Rumblings in Russia

Chess player Gary Kasparov announces his run for president in 2008, and another politician expected to challenge Putin calls for a return to democratic values.

By Simon Tisdall
Published March 15, 2005 2:18PM (EST)

The decision by Gary Kasparov, the world's top chess player, to retire from the game and devote his talents to opposing Vladimir Putin will hardly induce the Kremlin's grandmaster to resign his position. But Kasparov's move reflects broader, increasingly vocal discontent over the president's perceived descent into authoritarianism.

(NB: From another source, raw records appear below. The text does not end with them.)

lemma bd_bd:
  assumes "simplicial_complex m \<Delta>"
  shows "bd \<Delta> (bd \<Delta> c) = (\<lambda>_. 0 :: 'k::field)"
proof
  fix G
  show "bd \<Delta> (bd \<Delta> c) G = 0"
  proof (cases "G \<in> \<Delta>")
    case True
    define U where "U = \<Union>\<Delta> - G"
    define T where "T v w = (if insert w (insert v G) \<in> \<Delta>
       then incidence_sign G v * incidence_sign (insert v G) w * c (insert w (insert v G))
       else (0::'k))" for v w
    have "(if insert v G \<in> \<Delta> then incidence_sign G v * bd \<Delta> c (insert v G) else 0)
          = (\<Sum>w\<in>U - {v}. T v w)" if "v \<in> U" for v
    proof (cases "insert v G \<in> \<Delta>")
      case True
      have "\<Union>\<Delta> - insert v G = U - {v}" unfolding U_def by auto
      then show ?thesis using True unfolding bd_altdef[of \<Delta> c "insert v G"] T_def
        by (simp add: sum_distrib_left mult.assoc) (intro sum.cong; simp)
    next
      case False
      then have "T v w = 0" for w
        using assms unfolding T_def by (meson simplicial_complex_subset_face subset_insertI)
      then show ?thesis using False by simp
    qed
    then have "bd \<Delta> (bd \<Delta> c) G = (\<Sum>v\<in>U. \<Sum>w\<in>U - {v}. T v w)"
      using True unfolding bd_altdef[of \<Delta> "bd \<Delta> c" G] U_def[symmetric] by simp
    also have "\<dots> = 0"
    proof (rule sum_off_diagonal_antisymmetric)
      show "finite U" unfolding U_def using simplicial_complex_finite_vertices[OF assms] by simp
      show "T w v = - T v w" if "v \<in> U" "w \<in> U" "v \<noteq> w" for v w
        using that incidence_sign_swap[of v G w, where 'k='k] unfolding U_def T_def
        by (simp add: insert_commute)
    qed
    finally show ?thesis .
  qed (simp add: bd_def)
qed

The Putin paradox is that the more he tries to exert control, the more uncontrollable a changing Russia may ultimately prove to be.

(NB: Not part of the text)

(* In Algorithm MC (with $|b_j(v)|\le\deg(v)$ for all $v,j$ and $\alpha\in(0,1/4]$), for every $j\in[k]$ and every $i\ge0$ such that rounds $1,\dots,i$ have computed $r^1,\dots,r^i$, we have $\sum_{v\in V}|r^{\le i}_{v,j}|\cdot\deg(v)\le i\cdot\|b_j\|_1$.
   Context: Let $G=(V,E)$ be a unit-capacity undirected graph, $n=|V|\ge3$, every vertex of degree $\deg(v)\ge1$, each edge with a fixed arbitrary orientation; $B\in\mathbb R^{V\times E}$ is the incidence matrix (column $(u,v)$ has $+1$ in row $u$, $-1$ in row $v$, $0$ elsewhere). Algorithm MC takes $k\ge1$, $b=(b_1,\dots,b_k)\in\mathbb R^{V\times[k]}$ with $|b_j(v)|\le\deg(v)$ for all $v,j$, $\alpha\in(0,1/4]$ and an integer $T\ge1$. Set $w^1_{v,j,+}=w^1_{v,j,-}=1$. For $i=1,\dots,T$: (1) $\tilde w^i_{v,j,\circ}=w^i_{v,j,\circ}$ if $w^i_{v,j,\circ}\ge n$ and $0$ otherwise ($\circ\in\{+,-\}$); (2) $\tilde\phi^i_{v,j}=(\tilde w^i_{v,j,+}-\tilde w^i_{v,j,-})/\deg(v)$; (3) for each edge $(u,v)$ let $j^*$ maximize $|\tilde\phi^i_{u,j}-\tilde\phi^i_{v,j}|$ over $j\in[k]$ (ties arbitrary), set $f^i_{j^*}(u,v)=+1$ if $\tilde\phi^i_{u,j^*}>\tilde\phi^i_{v,j^*}$, $-1$ if $<$, $0$ otherwise, and $f^i_j(u,v)=0$ for $j\ne j^*$; (4) if $\sum_{j,v}\tilde\phi^i_{v,j}b_j(v)>\sum_{j,v}\tilde\phi^i_{v,j}(Bf^i_j)_v$, terminate; (5) $r^i_{v,j}=(b_j(v)-(Bf^i_j)_v)/\deg(v)$; (6) $w^{i+1}_{v,j,+}=w^i_{v,j,+}(1+\alpha r^i_{v,j})$, $w^{i+1}_{v,j,-}=w^i_{v,j,-}(1-\alpha r^i_{v,j})$. Write $r^{\le i}_{v,j}=\sum_{i'=1}^{i}r^{i'}_{v,j}$, with $r^{\le0}_{v,j}=0$. $\|b_j\|_1=\sum_v|b_j(v)|$. *)

theory Defs
  imports Main "HOL-Library.Multiset" Complex_Main
begin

Kasparov's assertion that the country "is heading down the wrong path" echoed the words of a more formidable political figure, Mikhail Kasyanov, prime minister during Putin's first term and finance minister under Boris Yeltsin.

Accusing Russia's leader of abandoning democratic values by stifling political pluralism, undermining judicial and media independence, and turning his back on a free-market economy, Kasyanov called on the democratic opposition to unite. "I have reached the view that not one of these values is being implemented or respected," he said last month. "The direction has changed ... The country is on the wrong track."

This view has found prominent supporters. Former President Mikhail Gorbachev warned last week of social upheaval and a "merciless revolt" unless Putin sacked incompetent advisors and changed tack. Yeltsin is also believed to have lost faith in the protégé he raised from obscurity in 1999. "He doesn't say it in public, but Yeltsin thinks he made a mistake with Putin," a source said.

Kasyanov's hint that he might seek the presidency in 2008, when Putin is constitutionally bound to step down, has prompted comparisons with Viktor Yushchenko and Ukraine's "orange revolution." Ukraine's popular protest movement, itself inspired by street activism in Serbia and Georgia, has found willing emulators among student groups in St. Petersburg and Moscow. They have formed an organization called Walking Without Putin, dedicated to democratic renewal.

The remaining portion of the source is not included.